- EXERCISE BRIEF -
Would you restate the entries below word for word, starting at the first line and ending with the one that has "convex_Fk t t'(1)])"?

- SOURCE RECORDS -
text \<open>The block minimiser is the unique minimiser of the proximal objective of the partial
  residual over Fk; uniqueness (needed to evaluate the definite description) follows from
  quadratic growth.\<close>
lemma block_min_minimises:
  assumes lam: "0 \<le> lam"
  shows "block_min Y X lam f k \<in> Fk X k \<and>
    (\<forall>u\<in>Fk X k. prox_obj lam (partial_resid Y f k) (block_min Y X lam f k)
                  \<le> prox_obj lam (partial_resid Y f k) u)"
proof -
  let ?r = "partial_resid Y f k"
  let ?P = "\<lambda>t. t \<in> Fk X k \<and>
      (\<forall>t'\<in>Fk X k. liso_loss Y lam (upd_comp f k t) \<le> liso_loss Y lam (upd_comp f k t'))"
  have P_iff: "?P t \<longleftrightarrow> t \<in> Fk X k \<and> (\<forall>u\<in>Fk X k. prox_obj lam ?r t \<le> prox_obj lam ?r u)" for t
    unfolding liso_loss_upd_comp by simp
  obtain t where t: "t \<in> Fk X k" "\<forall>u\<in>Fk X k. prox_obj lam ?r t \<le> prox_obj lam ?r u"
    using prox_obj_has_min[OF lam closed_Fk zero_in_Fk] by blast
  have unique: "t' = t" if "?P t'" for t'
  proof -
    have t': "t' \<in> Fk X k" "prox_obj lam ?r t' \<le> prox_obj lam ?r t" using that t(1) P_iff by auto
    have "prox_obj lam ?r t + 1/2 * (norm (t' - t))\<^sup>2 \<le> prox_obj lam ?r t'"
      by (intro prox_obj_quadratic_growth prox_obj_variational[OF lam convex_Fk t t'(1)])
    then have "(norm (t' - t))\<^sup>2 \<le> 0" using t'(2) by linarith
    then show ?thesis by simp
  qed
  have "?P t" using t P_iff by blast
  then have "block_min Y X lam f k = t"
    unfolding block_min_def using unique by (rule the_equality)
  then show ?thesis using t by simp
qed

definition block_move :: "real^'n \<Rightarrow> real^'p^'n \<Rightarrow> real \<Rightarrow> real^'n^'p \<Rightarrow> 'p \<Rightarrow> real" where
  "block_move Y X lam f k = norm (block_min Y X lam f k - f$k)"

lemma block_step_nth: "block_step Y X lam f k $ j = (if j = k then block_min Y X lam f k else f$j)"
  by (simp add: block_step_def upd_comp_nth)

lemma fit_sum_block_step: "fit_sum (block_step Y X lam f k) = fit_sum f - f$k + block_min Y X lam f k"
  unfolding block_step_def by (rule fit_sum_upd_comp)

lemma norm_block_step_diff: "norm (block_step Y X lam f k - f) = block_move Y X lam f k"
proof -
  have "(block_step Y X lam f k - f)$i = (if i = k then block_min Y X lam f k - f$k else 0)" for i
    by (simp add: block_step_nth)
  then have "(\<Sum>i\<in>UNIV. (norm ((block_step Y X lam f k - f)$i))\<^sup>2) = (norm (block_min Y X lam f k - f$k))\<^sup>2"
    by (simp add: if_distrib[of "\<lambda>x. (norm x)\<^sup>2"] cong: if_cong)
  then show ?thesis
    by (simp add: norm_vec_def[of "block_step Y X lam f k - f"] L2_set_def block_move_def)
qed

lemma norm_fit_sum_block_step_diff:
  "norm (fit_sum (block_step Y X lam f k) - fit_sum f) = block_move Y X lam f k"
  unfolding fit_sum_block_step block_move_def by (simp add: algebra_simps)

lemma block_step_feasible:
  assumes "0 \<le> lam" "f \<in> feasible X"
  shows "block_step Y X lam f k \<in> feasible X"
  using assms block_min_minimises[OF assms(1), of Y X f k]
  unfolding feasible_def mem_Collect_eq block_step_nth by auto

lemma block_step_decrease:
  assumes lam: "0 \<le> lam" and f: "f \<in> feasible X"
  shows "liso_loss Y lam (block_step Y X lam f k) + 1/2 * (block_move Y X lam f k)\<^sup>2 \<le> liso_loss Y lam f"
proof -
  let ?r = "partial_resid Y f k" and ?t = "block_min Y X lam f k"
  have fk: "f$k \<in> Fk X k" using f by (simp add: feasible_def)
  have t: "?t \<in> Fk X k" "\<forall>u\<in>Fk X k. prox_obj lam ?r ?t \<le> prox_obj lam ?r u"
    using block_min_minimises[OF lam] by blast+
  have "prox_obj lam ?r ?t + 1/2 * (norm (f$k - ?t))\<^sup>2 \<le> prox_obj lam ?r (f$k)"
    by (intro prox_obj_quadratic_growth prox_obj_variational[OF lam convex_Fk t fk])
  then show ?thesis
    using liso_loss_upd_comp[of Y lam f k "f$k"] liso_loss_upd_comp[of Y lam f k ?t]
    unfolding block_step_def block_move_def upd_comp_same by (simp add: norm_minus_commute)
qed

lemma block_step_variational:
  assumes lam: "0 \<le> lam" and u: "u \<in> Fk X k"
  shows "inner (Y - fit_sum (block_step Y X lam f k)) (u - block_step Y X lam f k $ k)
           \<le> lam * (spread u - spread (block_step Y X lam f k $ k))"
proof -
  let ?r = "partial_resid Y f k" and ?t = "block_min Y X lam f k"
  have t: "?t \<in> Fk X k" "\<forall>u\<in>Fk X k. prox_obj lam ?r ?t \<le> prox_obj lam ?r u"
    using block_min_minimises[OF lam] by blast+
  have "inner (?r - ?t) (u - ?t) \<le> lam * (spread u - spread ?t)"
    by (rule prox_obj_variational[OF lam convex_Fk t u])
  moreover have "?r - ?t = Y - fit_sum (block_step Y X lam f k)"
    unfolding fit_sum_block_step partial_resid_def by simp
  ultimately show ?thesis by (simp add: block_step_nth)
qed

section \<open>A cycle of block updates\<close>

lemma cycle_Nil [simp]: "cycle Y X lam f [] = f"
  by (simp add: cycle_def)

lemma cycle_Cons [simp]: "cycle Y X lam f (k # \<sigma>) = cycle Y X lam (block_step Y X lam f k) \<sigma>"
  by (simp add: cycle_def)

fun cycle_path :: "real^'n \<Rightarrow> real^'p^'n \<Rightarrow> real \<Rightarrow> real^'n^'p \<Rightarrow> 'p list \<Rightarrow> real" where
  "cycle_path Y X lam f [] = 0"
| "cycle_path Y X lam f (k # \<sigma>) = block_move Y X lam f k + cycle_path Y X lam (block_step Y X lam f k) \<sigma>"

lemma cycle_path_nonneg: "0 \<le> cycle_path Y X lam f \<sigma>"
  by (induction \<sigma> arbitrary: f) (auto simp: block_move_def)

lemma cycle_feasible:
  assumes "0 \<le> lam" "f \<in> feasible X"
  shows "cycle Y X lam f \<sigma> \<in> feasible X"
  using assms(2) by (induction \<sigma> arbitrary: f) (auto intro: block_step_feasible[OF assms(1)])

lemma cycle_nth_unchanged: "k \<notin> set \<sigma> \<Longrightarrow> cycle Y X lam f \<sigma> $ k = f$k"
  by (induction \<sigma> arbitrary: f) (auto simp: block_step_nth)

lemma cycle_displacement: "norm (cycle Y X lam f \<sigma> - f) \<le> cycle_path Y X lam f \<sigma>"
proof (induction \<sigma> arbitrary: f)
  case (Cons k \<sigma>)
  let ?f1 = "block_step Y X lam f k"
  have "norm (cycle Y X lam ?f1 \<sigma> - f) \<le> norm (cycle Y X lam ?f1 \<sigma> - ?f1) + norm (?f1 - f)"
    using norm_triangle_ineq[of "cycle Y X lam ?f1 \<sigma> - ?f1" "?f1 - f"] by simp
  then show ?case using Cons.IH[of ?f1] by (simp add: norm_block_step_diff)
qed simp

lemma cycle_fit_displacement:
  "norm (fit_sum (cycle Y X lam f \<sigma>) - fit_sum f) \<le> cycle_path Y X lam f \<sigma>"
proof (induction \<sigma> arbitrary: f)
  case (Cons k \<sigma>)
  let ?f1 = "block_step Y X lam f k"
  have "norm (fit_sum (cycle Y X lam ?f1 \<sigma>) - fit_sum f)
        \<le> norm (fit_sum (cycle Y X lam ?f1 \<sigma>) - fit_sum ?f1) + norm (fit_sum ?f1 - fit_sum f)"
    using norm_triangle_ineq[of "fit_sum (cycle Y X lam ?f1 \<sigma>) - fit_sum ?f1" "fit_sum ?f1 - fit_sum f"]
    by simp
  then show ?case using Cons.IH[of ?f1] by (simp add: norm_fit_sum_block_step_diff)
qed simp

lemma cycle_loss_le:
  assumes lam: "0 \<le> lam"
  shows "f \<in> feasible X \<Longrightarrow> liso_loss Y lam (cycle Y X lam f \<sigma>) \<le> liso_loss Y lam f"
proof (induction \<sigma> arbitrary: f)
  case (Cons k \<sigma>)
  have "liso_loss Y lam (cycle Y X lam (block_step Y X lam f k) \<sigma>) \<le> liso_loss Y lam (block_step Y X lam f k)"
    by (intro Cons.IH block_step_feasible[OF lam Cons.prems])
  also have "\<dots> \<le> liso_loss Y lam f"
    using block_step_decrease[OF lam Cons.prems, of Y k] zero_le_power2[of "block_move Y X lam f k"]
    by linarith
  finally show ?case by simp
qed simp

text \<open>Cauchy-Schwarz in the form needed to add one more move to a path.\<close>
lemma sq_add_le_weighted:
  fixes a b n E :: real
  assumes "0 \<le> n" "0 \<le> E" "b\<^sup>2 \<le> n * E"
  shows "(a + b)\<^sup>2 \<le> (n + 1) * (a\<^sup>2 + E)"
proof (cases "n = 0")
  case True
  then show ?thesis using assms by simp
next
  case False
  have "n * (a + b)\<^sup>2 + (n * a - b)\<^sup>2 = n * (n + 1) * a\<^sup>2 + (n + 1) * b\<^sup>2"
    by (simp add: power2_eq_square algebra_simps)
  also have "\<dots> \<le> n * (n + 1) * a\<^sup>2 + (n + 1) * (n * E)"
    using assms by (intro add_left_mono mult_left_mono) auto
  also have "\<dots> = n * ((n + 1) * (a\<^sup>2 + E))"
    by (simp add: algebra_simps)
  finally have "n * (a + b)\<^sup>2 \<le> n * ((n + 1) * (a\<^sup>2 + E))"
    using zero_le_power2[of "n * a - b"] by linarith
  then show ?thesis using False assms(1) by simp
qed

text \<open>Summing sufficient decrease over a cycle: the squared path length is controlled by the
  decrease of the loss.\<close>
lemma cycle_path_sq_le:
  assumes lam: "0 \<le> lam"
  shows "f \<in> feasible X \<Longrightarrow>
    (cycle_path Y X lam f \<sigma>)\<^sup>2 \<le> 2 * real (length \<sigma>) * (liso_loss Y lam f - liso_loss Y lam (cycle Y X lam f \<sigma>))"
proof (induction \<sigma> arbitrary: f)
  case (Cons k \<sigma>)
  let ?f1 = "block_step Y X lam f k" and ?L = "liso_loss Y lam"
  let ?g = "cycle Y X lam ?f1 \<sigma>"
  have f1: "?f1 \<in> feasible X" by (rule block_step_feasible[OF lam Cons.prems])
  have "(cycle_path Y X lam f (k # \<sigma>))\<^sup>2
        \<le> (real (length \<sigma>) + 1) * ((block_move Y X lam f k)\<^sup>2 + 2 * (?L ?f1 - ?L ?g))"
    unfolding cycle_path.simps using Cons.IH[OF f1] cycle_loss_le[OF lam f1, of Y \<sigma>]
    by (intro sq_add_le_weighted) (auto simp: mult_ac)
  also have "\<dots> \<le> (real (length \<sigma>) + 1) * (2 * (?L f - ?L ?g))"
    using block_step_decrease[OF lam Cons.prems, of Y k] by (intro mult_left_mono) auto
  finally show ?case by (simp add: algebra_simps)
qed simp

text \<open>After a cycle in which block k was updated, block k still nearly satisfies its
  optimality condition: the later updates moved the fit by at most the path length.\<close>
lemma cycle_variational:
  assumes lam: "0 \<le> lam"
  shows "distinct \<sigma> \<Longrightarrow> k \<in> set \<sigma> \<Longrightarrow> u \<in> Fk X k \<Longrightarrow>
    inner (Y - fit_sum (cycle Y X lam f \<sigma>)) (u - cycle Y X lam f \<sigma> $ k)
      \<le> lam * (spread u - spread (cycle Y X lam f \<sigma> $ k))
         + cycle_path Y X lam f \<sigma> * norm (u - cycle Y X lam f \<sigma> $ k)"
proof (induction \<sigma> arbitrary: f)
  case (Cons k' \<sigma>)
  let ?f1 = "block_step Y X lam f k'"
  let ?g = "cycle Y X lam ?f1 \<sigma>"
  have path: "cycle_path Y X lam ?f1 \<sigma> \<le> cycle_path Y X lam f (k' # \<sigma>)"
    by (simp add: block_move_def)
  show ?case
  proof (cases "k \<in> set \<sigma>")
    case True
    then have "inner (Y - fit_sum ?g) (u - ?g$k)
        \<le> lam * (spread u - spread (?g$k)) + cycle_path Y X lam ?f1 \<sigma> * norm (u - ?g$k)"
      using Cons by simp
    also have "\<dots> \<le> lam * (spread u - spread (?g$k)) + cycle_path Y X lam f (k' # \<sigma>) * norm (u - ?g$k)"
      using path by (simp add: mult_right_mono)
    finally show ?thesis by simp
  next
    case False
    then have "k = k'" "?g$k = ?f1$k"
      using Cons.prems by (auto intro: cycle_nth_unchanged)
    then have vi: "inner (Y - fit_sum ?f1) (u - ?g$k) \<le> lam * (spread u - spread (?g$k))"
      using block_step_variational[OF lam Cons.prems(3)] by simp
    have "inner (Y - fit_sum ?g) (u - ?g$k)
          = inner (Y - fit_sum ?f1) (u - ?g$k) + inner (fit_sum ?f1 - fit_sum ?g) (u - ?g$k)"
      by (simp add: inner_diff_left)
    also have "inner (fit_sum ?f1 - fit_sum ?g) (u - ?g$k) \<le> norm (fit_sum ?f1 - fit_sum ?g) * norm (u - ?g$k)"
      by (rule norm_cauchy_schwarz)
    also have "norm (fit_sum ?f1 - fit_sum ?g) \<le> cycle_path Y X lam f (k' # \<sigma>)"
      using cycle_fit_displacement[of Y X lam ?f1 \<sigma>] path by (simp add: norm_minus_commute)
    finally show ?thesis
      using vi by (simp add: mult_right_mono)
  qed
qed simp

- WRITTEN RESPONSE -
text \<open>The block minimiser is the unique minimiser of the proximal objective of the partial
  residual over Fk; uniqueness (needed to evaluate the definite description) follows from
  quadratic growth.\<close>
lemma block_min_minimises:
  assumes lam: "0 \<le> lam"
  shows "block_min Y X lam f k \<in> Fk X k \<and>
    (\<forall>u\<in>Fk X k. prox_obj lam (partial_resid Y f k) (block_min Y X lam f k)
                  \<le> prox_obj lam (partial_resid Y f k) u)"
proof -
  let ?r = "partial_resid Y f k"
  let ?P = "\<lambda>t. t \<in> Fk X k \<and>
      (\<forall>t'\<in>Fk X k. liso_loss Y lam (upd_comp f k t) \<le> liso_loss Y lam (upd_comp f k t'))"
  have P_iff: "?P t \<longleftrightarrow> t \<in> Fk X k \<and> (\<forall>u\<in>Fk X k. prox_obj lam ?r t \<le> prox_obj lam ?r u)" for t
    unfolding liso_loss_upd_comp by simp
  obtain t where t: "t \<in> Fk X k" "\<forall>u\<in>Fk X k. prox_obj lam ?r t \<le> prox_obj lam ?r u"
    using prox_obj_has_min[OF lam closed_Fk zero_in_Fk] by blast
  have unique: "t' = t" if "?P t'" for t'
  proof -
    have t': "t' \<in> Fk X k" "prox_obj lam ?r t' \<le> prox_obj lam ?r t" using that t(1) P_iff by auto
    have "prox_obj lam ?r t + 1/2 * (norm (t' - t))\<^sup>2 \<le> prox_obj lam ?r t'"
      by (intro prox_obj_quadratic_growth prox_obj_variational[OF lam convex_Fk t t'(1)])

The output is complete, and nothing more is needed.